Со времени раскола Церквей в 1054 г. идея восстановления единства христианского мира постоянно присутствовала в сознании и православной и католической стороны. История отношений этих двух миров в XII–XIV вв. изобиловала не только конфликтами, связанными прежде всего с экспансией латинян на земли Византии, но и поисками соглашения между ними, периодически находившими выражение в переговорах об унии Церквей.
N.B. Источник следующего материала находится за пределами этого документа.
(* For each $\lambda\in K^*$, the algebras $T(\lambda^{-2})$ and $\Sigma(\lambda)$ are isomorphic.
   Context: $K$ is an algebraically closed field; paths composed left to right. For a triangulation quiver $(Q,f)$ (finite connected quiver, $\ge2$ vertices, exactly two arrows start and two end at each vertex, $f$ a permutation of arrows with $s(f(\alpha))=t(\alpha)$, $f^3=\mathrm{id}$), $\bar\alpha$ is the other arrow with source $s(\alpha)$, $g(\alpha)=\overline{f(\alpha)}$, $n_\alpha$ the $g$-orbit length; with weights $m_\alpha$ and parameters $c_\alpha\in K^*$ constant on $g$-orbits, $A_\alpha=\alpha g(\alpha)\cdots g^{m_\alpha n_\alpha-2}(\alpha)$; $\alpha$ virtual if $m_\alpha n_\alpha=2$. The weighted surface algebra is $KQ/I$, $I$ generated by $\alpha f(\alpha)-c_{\bar\alpha}A_{\bar\alpha}$ (all $\alpha$), $\alpha f(\alpha)g(f(\alpha))$ ($f^2(\alpha)$ not virtual), $\alpha g(\alpha)f(g(\alpha))$ ($f(\alpha)$ not virtual). $T(\mu)$ ($\mu\in K^*$): vertices $1,2,3$; arrows $\alpha_1:1\to2,\alpha_2:2\to3,\alpha_3:3\to1,\beta_1:2\to1,\beta_2:3\to2,\beta_3:1\to3$; $f=(\alpha_1\,\alpha_2\,\alpha_3)(\beta_1\,\beta_3\,\beta_2)$; weights $2,2,1$ and parameters $\mu,1,1$ on the $g$-orbits $(\alpha_1\,\beta_1),(\alpha_2\,\beta_2),(\alpha_3\,\beta_3)$. $\Sigma(\lambda)$: vertices $1,2,3$; arrows $\alpha:1\to1$, $\beta:1\to2$, $\gamma:2\to1$, $\sigma:2\to3$, $\delta:3\to2$, $\eta:3\to3$; $f=(\alpha\,\beta\,\gamma)(\eta\,\delta\,\sigma)$ (so $g$-orbits $(\alpha),(\beta\,\sigma\,\delta\,\gamma),(\eta)$); weights $2,1,2$ and parameters $1,\lambda,1$ on these orbits respectively. *)

theory Defs
  imports "HOL-Algebra.QuotRing" "HOL-Computational_Algebra.Polynomial"
begin

definition alg_closed :: "'k::field itself \<Rightarrow> bool" where
  "alg_closed _ \<longleftrightarrow> (\<forall>p::'k poly. 0 < degree p \<longrightarrow> (\<exists>x. poly p x = 0))"

section \<open>Path algebras (paths composed left to right)\<close>

text \<open>A quiver is given by a set of arrows Ar with source and target maps s, t;
  its vertices are those that occur as sources (every vertex of a triangulation
  quiver is the source of two arrows).  A path is a pair (v, as): a start vertex v
  and a composable list of arrows starting at v; (v, []) is the trivial path e_v.
  The path algebra KQ is the algebra of finitely supported K-valued functions on
  paths, with multiplication given by concatenation (the product is zero when the
  end of the first path is not the start of the second).\<close>

definition qverts :: "'a set \<Rightarrow> ('a \<Rightarrow> 'v) \<Rightarrow> 'v set" where
  "qverts Ar s = s ` Ar"

definition valid_path :: "'a set \<Rightarrow> ('a \<Rightarrow> 'v) \<Rightarrow> ('a \<Rightarrow> 'v) \<Rightarrow> 'v \<times> 'a list \<Rightarrow> bool" where
  "valid_path Ar s t p \<longleftrightarrow> fst p \<in> qverts Ar s \<and> set (snd p) \<subseteq> Ar \<and>
     (snd p \<noteq> [] \<longrightarrow> s (hd (snd p)) = fst p) \<and>
     successively (\<lambda>a b. t a = s b) (snd p)"

definition pend :: "('a \<Rightarrow> 'v) \<Rightarrow> 'v \<times> 'a list \<Rightarrow> 'v" where
  "pend t p = (if snd p = [] then fst p else t (last (snd p)))"

definition path_ring ::
  "'a set \<Rightarrow> ('a \<Rightarrow> 'v) \<Rightarrow> ('a \<Rightarrow> 'v) \<Rightarrow> (('v \<times> 'a list) \<Rightarrow> 'k::field) ring" where
  "path_ring Ar s t =
    \<lparr> carrier = {x. finite {p. x p \<noteq> 0} \<and> (\<forall>p. x p \<noteq> 0 \<longrightarrow> valid_path Ar s t p)},
      Group.monoid.mult = (\<lambda>x y p. \<Sum>i = 0..length (snd p).
                 x (fst p, take i (snd p)) * y (pend t (fst p, take i (snd p)), drop i (snd p))),
      one = (\<lambda>p. if snd p = [] \<and> fst p \<in> qverts Ar s then 1 else 0),
      zero = (\<lambda>p. 0),
      add = (\<lambda>x y p. x p + y p) \<rparr>"

definition pe :: "'v \<times> 'a list \<Rightarrow> ('v \<times> 'a list) \<Rightarrow> 'k::field" where
  "pe p = (\<lambda>q. if q = p then 1 else 0)"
Хотя к середине XIV в. переговоры такого рода между главными центрами двух миров — Римом и Константинополем — отнюдь не были новостью, этот этап отличался рядом особенностей. Переговоры начались в условиях резкого ослабления Византийской империи под натиском османов. К середине XIV в. империя утратила владения в Малой Азии и османские войска, перейдя Босфор, вторглись в ее европейские провинции. Территория разоренного внешними набегами и внутренними смутами государства ограничивалась Фракией и землями на Пелопоннесе, и оно было неспособно собственными силами дать отпор нашествию. Правители, стоявшие во главе Византии, видели единственный выход в получении помощи от западных государств. В 1366 г. император Иоанн V отправился просить помощи к Людовику Венгерскому. В этих условиях и вопрос об унии Церквей стал приобретать иное, чем ранее, значение. Хорошо ориентировавшаяся в ситуации Римская курия все более определенно давала понять, что она добьется помощи для Византии со стороны западных государств, если греки откажутся от «схизмы»[1]. В этом случае уния должна была осуществиться на условиях, предложенных латинской стороной, и означала бы прежде всего подчинение православной Церкви власти папы[2].
Как показывает поведение императора Иоанна V, правители Византии уже в середине XIV в. ради получения западной помощи были готовы идти на серьезные уступки латинянам. Император в 1369 г. посетил Рим, публично прочитал Римское исповедание веры и выразил повиновение папе, облобызав его ноги[3]. В письмах к папе он сообщал, что вступает на путь сближения с Римом «по совету» своих «баронов»[4]. Понятно, что в среде греческой аристократии, которая, как и императорская власть, могла утратить все с захватом ее владений османами, такая политика могла найти поддержку. С середины XIV в. можно отметить действие не только политических, но и некоторых идейно-культурных факторов, толкавших часть византийского общества к поискам сближения с Римом. В истории Византии XIII–XIV века — это время расширения культурных контактов с латинским миром, серьезного влияния сначала ученой схоластической, а затем и нарождающейся ренессансной культуры Запада на интеллектуальную элиту византийского общества[5]. Наряду с политическим латинофильством в кругах аристократии и духовенства зародилось и идейно-культурное латинофильство, пропагандировавшее сближение двух народов — «греков» и «римлян» — как наследников одной общей цивилизации, созданной их совместными усилиями. Наиболее яркое выражение эти тенденции получили в сочинениях и практической деятельности месадзона (первого министра) императора Иоанна V Димитрия Кидониса, аристократа и интеллектуала, переводчика сочинений Фомы Аквинского на греческий язык[6].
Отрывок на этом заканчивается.